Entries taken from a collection
BEGIN
lemma ypd_homogeneous:
  fixes h :: "real^'n \<Rightarrow> real"
  assumes S: "open S" and sm: "smooth_on S h"
    and hom: "\<And>z t. z \<in> S \<Longrightarrow> t > 0 \<Longrightarrow> h (t *\<^sub>R z) = t powr d * h z"
    and z: "z \<in> S" and t: "t > 0"
  shows "ypd h i (t *\<^sub>R z) = t powr (d - 1) * ypd h i z"
proof (rule ypd_eqI)
  have "((\<lambda>s. t powr d * h (z + (s / t) *\<^sub>R axis i 1)) has_real_derivative
      t powr d * (ypd h i z * (1 / t))) (at 0)"
    using has_real_derivative_ypd[OF sm z] t
    by (intro DERIV_cmult DERIV_chain2[where g = "\<lambda>s. s / t"]) (auto intro!: derivative_eq_intros)
  moreover have "\<forall>\<^sub>F s in nhds 0. t powr d * h (z + (s / t) *\<^sub>R axis i 1) = h (t *\<^sub>R z + s *\<^sub>R axis i 1)"
  proof -
    have "((\<lambda>s::real. z + (s / t) *\<^sub>R axis i 1) \<longlongrightarrow> z) (nhds 0)"
      using filterlim_ident[of "nhds (0::real)"] t by (auto intro!: tendsto_eq_intros)
    then have "\<forall>\<^sub>F s in nhds 0. z + (s / t) *\<^sub>R axis i 1 \<in> S"
      using S z by (rule topological_tendstoD)
    then show ?thesis
    proof eventually_elim
      case (elim s)
      have "t *\<^sub>R (z + (s / t) *\<^sub>R axis i 1) = t *\<^sub>R z + s *\<^sub>R axis i 1"
        using t by (simp add: scaleR_add_right)
      then show ?case
        using hom[OF elim t] by simp
    qed
  qed
  moreover have "t powr d * (ypd h i z * (1 / t)) = t powr (d - 1) * ypd h i z"
    using t by (simp add: powr_diff)
  ultimately show "((\<lambda>s. h (t *\<^sub>R z + s *\<^sub>R axis i 1)) has_real_derivative t powr (d - 1) * ypd h i z) (at 0)"
    using DERIV_cong_ev[OF refl _ refl] by fastforce
qed

section \<open>Finsler metrics\<close>

lemma fund_eq_fund_jet:
  fixes L :: "real^'n \<Rightarrow> real^'n \<Rightarrow> real"
  assumes V: "open V" and sm: "smooth_on V (L x)" and y: "y \<in> V"
  shows "fund L x y = fund_jet (L x y) (ygrad (L x) y) (yhess (L x) y)"
proof -
  have sq: "ypd (\<lambda>w. (L x w)\<^sup>2) j z = L x z * ypd (L x) j z + L x z * ypd (L x) j z"
    if "z \<in> V" for j z
    using ypd_mult[OF sm sm that, of j] by (simp add: power2_eq_square mult.commute)
  have "ypd (\<lambda>z. ypd (\<lambda>w. (L x w)\<^sup>2) j z) i y
      = ypd (\<lambda>z. L x z * ypd (L x) j z + L x z * ypd (L x) j z) i y" for i j
    by (rule ypd_cong[OF V y]) (rule sq)
  also have "\<dots> i j = ypd (L x) i y * ypd (L x) j y + L x y * ypd (ypd (L x) j) i y
      + (ypd (L x) i y * ypd (L x) j y + L x y * ypd (ypd (L x) j) i y)" for i j
    by (rule ypd_mult_add_mult[OF sm smooth_on_ypd[OF sm] sm smooth_on_ypd[OF sm] y])
  finally show ?thesis
    by (simp add: fund_def fund_jet_def outer_def ygrad_def yhess_def vec_eq_iff)
qed

lemma cartan_eq_cartan_jet:
  fixes L :: "real^'n \<Rightarrow> real^'n \<Rightarrow> real"
  assumes V: "open V" and sm: "smooth_on V (L x)" and y: "y \<in> V"
  shows "cartan L x y i j k
    = cartan_jet (L x y) (ygrad (L x) y) (yhess (L x) y) (ythird (L x) y) i $ j $ k"
proof -
  have "ypd (\<lambda>z. fund L x z $ i $ j) k y
      = ypd (\<lambda>z. ypd (L x) i z * ypd (L x) j z + L x z * ypd (ypd (L x) j) i z) k y"
    by (rule ypd_cong[OF V y])
      (simp add: fund_eq_fund_jet[where L = L and x = x, OF V sm] fund_jet_def outer_def
        ygrad_def yhess_def)
  also have "\<dots> = ypd (ypd (L x) i) k y * ypd (L x) j y + ypd (L x) i y * ypd (ypd (L x) j) k y
      + (ypd (L x) k y * ypd (ypd (L x) j) i y + L x y * ypd (ypd (ypd (L x) j) i) k y)"
    by (rule ypd_mult_add_mult[OF smooth_on_ypd[OF sm] smooth_on_ypd[OF sm] sm
          smooth_on_ypd[OF smooth_on_ypd[OF sm]] y])
  finally show ?thesis
    by (simp add: cartan_def cartan_jet_def ygrad_def yhess_def ythird_def algebra_simps)
qed

lemma torsion_eq_torsion_jet:
  fixes L :: "real^'n \<Rightarrow> real^'n \<Rightarrow> real"
  assumes "open V" "smooth_on V (L x)" "y \<in> V"
  shows "torsion L x y i = torsion_jet (L x y) (ygrad (L x) y) (yhess (L x) y) (ythird (L x) y) i"
  using assms
  by (simp add: torsion_def torsion_jet_def contract_def fund_eq_fund_jet cartan_eq_cartan_jet)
END
WORK TO BE COMPLETED → Among the entries above, the lines between the ones containing "1) = t *\<^sub>R" and "using DERIV_cong_ev[OF refl", inclusive, are to be transcribed exactly. No other line is to be given.

YOUR RESPONSE →
      have "t *\<^sub>R (z + (s / t) *\<^sub>R axis i 1) = t *\<^sub>R z + s *\<^sub>R axis i 1"
        using t by (simp add: scaleR_add_right)
      then show ?case
        using hom[OF elim t] by simp
    qed
  qed
  moreover have "t powr d * (ypd h i z * (1 / t)) = t powr (d - 1) * ypd h i z"
    using t by (simp add: powr_diff)
  ultimately show "((\<lambda>s. h (t *\<^sub>R z + s *\<^sub>R axis i 1)) has_real_derivative t powr (d - 1) * ypd h i z) (at 0)"
    using DERIV_cong_ev[OF refl _ refl] by fastforce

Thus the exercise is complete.